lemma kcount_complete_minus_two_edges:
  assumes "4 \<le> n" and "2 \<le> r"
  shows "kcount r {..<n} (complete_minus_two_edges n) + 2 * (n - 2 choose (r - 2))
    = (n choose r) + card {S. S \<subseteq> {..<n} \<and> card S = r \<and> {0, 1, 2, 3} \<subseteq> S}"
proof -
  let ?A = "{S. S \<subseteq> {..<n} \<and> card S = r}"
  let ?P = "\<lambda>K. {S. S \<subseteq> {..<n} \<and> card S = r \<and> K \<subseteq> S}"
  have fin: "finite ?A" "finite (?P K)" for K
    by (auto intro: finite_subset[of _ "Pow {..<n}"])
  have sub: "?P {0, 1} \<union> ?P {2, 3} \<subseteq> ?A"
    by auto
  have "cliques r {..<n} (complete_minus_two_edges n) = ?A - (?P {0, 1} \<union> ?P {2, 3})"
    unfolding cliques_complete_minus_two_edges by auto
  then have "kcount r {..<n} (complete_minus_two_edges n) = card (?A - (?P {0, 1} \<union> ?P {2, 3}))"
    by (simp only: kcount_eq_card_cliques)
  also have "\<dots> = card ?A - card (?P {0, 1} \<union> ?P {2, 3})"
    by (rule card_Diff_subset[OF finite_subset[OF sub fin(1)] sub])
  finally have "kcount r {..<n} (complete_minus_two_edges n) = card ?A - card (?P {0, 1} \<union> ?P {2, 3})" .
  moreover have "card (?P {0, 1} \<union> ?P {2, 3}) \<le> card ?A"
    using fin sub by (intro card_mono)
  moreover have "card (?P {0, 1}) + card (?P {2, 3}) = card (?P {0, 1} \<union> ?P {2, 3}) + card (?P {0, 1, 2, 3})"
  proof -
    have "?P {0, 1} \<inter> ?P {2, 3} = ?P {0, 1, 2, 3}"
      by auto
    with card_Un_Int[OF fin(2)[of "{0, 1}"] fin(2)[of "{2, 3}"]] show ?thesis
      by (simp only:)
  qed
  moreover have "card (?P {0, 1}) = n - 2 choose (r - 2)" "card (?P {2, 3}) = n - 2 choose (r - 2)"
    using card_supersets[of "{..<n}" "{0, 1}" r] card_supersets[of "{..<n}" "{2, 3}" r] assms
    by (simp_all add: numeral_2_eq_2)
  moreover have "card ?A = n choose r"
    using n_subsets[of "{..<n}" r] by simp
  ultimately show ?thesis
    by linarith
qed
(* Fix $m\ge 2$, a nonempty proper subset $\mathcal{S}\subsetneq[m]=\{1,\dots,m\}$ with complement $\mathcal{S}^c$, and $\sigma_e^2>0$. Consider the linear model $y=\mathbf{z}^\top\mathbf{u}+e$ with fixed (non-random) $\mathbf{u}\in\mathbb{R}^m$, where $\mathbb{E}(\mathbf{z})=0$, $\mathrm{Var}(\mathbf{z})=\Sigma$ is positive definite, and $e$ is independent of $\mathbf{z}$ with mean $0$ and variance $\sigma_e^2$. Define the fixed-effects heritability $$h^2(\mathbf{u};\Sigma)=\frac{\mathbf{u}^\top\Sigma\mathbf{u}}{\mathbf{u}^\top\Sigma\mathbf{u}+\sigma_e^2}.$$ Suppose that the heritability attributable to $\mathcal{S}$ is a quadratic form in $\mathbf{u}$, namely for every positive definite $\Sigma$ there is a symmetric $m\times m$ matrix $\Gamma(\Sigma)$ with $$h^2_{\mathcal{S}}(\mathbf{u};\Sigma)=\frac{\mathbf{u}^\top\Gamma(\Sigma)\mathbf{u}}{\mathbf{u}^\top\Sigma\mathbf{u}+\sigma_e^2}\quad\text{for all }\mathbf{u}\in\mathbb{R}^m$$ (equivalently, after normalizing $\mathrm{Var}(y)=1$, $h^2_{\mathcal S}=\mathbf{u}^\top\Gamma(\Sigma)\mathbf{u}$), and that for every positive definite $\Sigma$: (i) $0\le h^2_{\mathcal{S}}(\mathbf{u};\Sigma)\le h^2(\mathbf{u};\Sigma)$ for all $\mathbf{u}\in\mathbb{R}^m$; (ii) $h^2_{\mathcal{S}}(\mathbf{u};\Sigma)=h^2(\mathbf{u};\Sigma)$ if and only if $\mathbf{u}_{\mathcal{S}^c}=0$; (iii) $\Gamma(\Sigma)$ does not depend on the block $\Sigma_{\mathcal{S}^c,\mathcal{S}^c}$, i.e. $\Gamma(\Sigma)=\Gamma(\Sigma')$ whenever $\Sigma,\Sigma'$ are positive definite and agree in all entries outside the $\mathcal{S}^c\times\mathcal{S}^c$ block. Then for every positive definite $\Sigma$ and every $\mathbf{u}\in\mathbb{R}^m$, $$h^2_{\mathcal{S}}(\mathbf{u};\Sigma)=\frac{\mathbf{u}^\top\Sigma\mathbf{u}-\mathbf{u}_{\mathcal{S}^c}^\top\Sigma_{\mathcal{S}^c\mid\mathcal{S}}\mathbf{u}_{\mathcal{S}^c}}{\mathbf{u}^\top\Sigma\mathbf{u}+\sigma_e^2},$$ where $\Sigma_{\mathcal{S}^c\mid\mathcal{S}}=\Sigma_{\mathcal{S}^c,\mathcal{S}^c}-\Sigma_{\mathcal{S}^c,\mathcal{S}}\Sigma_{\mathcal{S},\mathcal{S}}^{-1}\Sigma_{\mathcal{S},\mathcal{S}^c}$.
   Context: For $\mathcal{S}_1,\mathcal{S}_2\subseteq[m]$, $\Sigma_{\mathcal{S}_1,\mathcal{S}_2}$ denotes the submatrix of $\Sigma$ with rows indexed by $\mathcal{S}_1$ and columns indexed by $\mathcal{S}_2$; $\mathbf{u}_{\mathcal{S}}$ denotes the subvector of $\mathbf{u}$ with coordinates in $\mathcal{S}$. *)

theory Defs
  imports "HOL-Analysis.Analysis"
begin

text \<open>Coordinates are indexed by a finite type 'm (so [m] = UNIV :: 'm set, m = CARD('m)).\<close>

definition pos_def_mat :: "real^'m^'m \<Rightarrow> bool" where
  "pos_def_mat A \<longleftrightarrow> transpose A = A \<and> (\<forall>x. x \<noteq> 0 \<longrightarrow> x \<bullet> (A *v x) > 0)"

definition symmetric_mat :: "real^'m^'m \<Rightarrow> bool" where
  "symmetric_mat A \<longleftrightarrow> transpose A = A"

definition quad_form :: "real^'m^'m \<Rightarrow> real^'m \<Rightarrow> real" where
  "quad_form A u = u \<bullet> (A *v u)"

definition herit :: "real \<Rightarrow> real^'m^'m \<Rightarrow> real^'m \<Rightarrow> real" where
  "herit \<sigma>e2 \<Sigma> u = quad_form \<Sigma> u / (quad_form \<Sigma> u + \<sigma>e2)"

---

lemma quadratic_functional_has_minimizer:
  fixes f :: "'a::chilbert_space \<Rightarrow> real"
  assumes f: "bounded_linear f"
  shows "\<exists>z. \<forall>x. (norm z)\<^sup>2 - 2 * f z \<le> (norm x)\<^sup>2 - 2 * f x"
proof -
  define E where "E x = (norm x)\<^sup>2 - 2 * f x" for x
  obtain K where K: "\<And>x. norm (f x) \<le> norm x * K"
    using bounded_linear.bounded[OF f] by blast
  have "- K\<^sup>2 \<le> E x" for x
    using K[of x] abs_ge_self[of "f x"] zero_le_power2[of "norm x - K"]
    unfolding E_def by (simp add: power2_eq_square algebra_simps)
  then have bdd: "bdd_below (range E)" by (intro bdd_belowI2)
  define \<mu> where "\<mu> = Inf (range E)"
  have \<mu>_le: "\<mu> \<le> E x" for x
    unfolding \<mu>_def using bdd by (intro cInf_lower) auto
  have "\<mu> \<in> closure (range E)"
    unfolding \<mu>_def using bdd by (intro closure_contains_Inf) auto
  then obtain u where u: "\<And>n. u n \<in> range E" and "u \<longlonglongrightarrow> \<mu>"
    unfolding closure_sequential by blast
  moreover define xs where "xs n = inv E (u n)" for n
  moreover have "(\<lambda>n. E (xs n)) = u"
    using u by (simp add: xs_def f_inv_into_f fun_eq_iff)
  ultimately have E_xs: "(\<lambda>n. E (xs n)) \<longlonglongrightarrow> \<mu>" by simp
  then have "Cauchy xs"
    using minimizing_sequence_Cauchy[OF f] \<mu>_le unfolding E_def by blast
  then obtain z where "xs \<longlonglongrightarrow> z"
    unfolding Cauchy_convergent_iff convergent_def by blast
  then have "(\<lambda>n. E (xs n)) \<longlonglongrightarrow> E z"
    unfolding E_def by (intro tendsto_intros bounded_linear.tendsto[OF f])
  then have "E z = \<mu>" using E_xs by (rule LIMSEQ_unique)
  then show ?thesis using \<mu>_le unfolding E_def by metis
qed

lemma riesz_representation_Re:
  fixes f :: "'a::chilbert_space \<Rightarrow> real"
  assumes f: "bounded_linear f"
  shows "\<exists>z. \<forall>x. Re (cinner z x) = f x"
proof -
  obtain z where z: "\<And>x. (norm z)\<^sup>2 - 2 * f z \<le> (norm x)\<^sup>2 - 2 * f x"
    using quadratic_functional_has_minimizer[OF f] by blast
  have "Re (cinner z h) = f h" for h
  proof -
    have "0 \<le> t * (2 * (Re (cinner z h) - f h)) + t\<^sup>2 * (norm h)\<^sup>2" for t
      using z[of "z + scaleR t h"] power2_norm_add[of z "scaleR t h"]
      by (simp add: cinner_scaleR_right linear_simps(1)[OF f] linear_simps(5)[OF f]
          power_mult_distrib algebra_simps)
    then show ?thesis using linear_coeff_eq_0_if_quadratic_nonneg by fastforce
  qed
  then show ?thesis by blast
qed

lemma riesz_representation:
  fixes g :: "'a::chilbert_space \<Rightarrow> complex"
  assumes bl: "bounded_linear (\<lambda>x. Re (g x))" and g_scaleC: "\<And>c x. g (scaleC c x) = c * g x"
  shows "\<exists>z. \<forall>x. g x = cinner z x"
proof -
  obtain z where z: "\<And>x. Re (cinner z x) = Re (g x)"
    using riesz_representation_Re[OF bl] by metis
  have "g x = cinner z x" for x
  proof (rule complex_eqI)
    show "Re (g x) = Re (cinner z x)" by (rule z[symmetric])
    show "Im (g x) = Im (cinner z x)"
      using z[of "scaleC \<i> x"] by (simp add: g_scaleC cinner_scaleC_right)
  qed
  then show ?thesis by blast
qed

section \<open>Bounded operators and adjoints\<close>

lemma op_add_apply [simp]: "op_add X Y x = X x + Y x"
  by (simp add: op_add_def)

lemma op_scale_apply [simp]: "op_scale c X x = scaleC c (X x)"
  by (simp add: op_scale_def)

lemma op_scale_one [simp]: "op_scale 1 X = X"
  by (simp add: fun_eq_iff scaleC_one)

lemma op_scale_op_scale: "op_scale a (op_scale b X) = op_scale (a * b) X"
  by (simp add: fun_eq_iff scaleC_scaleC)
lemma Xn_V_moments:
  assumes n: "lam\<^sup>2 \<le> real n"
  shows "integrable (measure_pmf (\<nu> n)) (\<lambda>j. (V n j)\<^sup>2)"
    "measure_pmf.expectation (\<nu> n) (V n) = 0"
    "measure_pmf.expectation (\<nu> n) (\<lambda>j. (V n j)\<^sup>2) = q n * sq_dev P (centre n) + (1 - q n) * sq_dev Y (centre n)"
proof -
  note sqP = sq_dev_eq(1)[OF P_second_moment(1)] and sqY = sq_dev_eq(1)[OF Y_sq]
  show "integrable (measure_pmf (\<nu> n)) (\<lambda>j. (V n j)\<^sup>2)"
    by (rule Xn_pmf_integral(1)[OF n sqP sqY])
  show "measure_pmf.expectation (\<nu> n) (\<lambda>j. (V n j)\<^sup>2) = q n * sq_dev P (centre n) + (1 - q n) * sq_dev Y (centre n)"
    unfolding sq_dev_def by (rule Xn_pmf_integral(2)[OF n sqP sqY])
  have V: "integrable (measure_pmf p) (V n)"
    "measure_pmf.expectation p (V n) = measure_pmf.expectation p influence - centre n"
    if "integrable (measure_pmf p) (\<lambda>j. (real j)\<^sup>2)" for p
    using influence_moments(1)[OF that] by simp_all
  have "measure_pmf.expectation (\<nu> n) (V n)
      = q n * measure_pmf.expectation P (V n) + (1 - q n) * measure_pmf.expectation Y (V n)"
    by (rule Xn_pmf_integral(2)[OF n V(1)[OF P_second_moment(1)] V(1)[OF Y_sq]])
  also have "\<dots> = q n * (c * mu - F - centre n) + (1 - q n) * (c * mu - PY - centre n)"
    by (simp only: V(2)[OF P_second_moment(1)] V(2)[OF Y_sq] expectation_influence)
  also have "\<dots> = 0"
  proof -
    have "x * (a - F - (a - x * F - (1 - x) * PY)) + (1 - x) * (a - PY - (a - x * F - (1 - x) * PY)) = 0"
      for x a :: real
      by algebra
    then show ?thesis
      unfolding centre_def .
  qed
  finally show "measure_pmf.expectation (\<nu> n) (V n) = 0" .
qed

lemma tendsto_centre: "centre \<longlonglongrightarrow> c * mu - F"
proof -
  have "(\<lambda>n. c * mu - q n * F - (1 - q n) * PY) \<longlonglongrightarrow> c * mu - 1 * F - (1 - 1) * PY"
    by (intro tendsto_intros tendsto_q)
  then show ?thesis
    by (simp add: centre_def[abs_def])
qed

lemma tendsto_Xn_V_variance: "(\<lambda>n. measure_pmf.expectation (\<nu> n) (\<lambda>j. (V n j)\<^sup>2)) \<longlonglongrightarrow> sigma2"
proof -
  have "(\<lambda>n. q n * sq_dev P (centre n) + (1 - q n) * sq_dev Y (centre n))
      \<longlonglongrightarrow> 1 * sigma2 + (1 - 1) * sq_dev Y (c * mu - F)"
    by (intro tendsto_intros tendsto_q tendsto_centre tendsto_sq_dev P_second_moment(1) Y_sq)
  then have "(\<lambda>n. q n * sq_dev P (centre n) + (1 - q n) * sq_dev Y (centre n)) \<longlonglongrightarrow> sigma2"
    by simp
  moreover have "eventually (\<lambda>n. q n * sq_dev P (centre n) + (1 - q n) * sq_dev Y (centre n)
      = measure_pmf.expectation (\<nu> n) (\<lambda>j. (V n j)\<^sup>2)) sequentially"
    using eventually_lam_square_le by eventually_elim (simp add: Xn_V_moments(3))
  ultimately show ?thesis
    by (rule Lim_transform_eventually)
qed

--

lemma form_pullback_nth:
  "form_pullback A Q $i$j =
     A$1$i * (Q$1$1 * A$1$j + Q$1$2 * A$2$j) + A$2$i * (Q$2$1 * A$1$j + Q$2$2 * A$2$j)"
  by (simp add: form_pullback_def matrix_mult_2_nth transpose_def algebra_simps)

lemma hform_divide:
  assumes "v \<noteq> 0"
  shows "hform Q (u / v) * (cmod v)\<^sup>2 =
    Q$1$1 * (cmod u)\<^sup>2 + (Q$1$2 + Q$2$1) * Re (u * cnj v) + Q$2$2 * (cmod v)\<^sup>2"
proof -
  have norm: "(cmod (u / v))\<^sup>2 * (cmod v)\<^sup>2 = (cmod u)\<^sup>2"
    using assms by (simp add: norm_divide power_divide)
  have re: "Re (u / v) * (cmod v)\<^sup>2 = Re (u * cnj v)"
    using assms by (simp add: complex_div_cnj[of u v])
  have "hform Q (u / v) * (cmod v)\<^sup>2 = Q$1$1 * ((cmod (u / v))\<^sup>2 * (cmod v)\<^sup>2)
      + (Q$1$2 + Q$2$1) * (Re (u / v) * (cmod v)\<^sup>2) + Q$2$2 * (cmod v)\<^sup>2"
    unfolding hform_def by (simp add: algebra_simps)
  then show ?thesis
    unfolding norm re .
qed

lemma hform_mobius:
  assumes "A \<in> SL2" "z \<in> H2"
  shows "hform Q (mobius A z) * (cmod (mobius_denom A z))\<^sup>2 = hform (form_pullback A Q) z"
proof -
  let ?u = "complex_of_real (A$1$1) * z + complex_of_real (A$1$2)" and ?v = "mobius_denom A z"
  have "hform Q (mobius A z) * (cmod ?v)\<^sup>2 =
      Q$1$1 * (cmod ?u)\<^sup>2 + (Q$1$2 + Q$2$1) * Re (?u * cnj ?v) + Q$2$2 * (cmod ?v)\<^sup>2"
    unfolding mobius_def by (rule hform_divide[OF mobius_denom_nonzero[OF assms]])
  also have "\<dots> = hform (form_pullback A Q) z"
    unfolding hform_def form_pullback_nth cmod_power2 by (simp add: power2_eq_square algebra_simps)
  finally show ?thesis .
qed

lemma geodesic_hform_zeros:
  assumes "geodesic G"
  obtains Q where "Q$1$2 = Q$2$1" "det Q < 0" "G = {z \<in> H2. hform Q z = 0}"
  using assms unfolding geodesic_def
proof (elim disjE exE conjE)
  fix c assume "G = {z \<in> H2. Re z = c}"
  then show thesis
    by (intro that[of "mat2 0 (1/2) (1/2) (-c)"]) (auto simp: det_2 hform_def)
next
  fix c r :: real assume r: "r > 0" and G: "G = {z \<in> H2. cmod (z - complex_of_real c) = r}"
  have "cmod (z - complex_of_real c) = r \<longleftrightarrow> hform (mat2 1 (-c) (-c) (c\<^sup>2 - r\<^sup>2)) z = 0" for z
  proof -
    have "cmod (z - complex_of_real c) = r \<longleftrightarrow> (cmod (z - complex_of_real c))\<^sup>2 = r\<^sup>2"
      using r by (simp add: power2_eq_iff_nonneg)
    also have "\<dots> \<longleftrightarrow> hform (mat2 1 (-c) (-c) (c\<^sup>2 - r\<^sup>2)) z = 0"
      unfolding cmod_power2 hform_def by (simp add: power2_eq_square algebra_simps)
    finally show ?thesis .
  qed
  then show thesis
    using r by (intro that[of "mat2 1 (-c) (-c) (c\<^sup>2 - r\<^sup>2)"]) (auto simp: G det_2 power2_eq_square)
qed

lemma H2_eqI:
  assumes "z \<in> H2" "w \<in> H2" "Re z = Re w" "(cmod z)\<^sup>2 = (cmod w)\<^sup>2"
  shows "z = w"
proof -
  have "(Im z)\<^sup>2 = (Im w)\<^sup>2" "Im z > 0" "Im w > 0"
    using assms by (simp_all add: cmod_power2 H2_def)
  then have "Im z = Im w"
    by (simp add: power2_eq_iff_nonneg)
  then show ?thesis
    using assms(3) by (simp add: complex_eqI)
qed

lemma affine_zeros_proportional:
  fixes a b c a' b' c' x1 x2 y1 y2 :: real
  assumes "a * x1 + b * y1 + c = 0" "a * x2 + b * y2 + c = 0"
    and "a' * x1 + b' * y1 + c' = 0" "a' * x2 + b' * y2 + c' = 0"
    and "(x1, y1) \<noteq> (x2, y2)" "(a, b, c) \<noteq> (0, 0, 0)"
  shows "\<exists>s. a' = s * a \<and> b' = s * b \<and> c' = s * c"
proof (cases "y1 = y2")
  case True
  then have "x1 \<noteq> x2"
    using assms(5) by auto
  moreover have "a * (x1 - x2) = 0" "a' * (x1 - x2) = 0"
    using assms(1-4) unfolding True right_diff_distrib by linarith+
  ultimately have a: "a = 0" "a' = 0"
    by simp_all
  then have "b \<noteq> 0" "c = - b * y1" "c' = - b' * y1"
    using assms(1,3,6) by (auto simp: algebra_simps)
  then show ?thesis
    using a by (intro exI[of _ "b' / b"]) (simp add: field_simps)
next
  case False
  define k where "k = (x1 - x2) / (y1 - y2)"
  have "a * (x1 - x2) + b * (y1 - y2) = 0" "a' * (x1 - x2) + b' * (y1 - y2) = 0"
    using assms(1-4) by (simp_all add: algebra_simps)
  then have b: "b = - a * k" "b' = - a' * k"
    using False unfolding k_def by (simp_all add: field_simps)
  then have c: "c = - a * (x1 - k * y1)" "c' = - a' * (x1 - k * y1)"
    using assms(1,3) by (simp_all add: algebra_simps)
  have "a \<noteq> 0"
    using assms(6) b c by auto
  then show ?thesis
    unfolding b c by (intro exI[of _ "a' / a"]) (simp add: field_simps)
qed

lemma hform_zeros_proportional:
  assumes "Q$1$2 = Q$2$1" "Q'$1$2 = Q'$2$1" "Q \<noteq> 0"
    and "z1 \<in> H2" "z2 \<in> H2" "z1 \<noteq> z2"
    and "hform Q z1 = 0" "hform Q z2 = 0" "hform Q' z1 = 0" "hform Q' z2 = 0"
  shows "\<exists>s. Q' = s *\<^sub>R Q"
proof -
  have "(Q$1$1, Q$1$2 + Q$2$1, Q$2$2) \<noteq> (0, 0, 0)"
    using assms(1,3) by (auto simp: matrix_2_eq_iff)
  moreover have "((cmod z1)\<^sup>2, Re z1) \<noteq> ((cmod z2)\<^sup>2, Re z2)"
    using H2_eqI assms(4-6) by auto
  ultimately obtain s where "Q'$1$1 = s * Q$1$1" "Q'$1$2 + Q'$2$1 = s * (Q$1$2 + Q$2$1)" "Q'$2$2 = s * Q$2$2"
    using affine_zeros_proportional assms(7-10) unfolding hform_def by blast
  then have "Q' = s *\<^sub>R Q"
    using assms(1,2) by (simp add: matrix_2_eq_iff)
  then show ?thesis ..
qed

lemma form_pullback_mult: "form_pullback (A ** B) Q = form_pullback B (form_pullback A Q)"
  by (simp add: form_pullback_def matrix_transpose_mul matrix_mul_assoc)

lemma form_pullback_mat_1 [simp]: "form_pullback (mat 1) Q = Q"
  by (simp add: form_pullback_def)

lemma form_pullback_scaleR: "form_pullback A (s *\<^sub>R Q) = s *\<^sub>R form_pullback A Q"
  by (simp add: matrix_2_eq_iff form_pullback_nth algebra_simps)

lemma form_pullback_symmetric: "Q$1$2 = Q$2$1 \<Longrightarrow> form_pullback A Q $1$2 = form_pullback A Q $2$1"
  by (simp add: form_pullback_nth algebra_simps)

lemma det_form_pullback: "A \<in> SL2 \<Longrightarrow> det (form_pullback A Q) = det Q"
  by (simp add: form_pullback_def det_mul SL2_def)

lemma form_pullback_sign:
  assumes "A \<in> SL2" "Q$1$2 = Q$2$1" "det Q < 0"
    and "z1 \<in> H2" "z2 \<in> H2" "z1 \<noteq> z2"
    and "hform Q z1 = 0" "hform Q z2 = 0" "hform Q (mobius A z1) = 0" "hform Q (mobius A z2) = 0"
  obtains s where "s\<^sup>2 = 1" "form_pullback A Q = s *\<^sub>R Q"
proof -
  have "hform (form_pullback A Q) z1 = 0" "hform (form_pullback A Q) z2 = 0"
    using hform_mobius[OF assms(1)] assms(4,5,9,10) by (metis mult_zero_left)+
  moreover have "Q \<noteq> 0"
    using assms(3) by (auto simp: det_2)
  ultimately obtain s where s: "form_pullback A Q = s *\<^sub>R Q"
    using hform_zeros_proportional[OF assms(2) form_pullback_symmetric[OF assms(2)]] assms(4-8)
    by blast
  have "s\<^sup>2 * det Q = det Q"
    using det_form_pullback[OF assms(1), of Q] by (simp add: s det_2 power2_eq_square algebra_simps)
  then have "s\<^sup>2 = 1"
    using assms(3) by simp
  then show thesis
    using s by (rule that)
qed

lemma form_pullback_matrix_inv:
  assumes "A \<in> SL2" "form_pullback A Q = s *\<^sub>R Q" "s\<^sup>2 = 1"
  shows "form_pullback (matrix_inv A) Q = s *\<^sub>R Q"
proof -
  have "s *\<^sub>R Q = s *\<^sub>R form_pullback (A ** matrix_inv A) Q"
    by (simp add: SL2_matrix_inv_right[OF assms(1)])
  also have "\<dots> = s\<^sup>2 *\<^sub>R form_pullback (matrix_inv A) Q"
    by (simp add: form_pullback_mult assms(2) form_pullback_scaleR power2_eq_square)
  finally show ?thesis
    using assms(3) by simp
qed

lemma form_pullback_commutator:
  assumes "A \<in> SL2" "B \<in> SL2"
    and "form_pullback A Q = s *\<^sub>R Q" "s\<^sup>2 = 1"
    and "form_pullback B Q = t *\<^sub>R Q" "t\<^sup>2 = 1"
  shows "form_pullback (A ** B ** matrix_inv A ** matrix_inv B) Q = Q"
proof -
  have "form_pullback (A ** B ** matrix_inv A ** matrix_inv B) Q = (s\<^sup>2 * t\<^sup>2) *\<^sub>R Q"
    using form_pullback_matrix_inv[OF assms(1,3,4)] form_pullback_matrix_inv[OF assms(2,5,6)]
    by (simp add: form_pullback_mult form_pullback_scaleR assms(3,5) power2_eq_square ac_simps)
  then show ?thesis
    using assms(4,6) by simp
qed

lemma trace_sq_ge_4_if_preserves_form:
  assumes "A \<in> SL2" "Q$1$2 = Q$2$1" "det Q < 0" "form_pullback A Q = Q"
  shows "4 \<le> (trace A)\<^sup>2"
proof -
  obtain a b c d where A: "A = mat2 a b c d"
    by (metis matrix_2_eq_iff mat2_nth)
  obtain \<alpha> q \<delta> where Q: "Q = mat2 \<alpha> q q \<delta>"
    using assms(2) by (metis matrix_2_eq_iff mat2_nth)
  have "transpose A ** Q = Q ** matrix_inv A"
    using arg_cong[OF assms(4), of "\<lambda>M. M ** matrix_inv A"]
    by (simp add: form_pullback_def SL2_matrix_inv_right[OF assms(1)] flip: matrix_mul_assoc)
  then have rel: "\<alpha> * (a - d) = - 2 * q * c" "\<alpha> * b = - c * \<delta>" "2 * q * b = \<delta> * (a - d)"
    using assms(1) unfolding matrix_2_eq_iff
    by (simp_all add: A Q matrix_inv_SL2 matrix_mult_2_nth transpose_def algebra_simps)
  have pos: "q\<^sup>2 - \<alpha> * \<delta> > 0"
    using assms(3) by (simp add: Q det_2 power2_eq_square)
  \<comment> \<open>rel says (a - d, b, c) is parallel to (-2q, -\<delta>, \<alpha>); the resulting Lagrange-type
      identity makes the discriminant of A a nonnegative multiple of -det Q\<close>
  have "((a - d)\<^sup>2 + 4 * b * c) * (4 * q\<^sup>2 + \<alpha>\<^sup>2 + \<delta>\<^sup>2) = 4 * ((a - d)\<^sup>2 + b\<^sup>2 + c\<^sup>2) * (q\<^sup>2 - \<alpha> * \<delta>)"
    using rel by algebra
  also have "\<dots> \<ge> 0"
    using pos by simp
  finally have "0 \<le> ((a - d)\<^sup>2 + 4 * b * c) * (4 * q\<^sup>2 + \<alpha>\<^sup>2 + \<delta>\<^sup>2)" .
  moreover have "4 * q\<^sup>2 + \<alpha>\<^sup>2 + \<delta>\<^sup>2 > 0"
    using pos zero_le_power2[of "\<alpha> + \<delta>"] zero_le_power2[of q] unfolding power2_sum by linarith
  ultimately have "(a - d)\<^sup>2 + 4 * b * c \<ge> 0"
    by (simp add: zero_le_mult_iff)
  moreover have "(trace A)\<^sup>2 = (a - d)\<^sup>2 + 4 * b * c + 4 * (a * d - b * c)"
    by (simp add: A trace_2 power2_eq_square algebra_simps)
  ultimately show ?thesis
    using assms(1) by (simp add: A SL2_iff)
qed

→ **Exercise description**
Please report how many lines of the entries above include "blast". Only the number is wanted.

→ **Result of the exercise**
9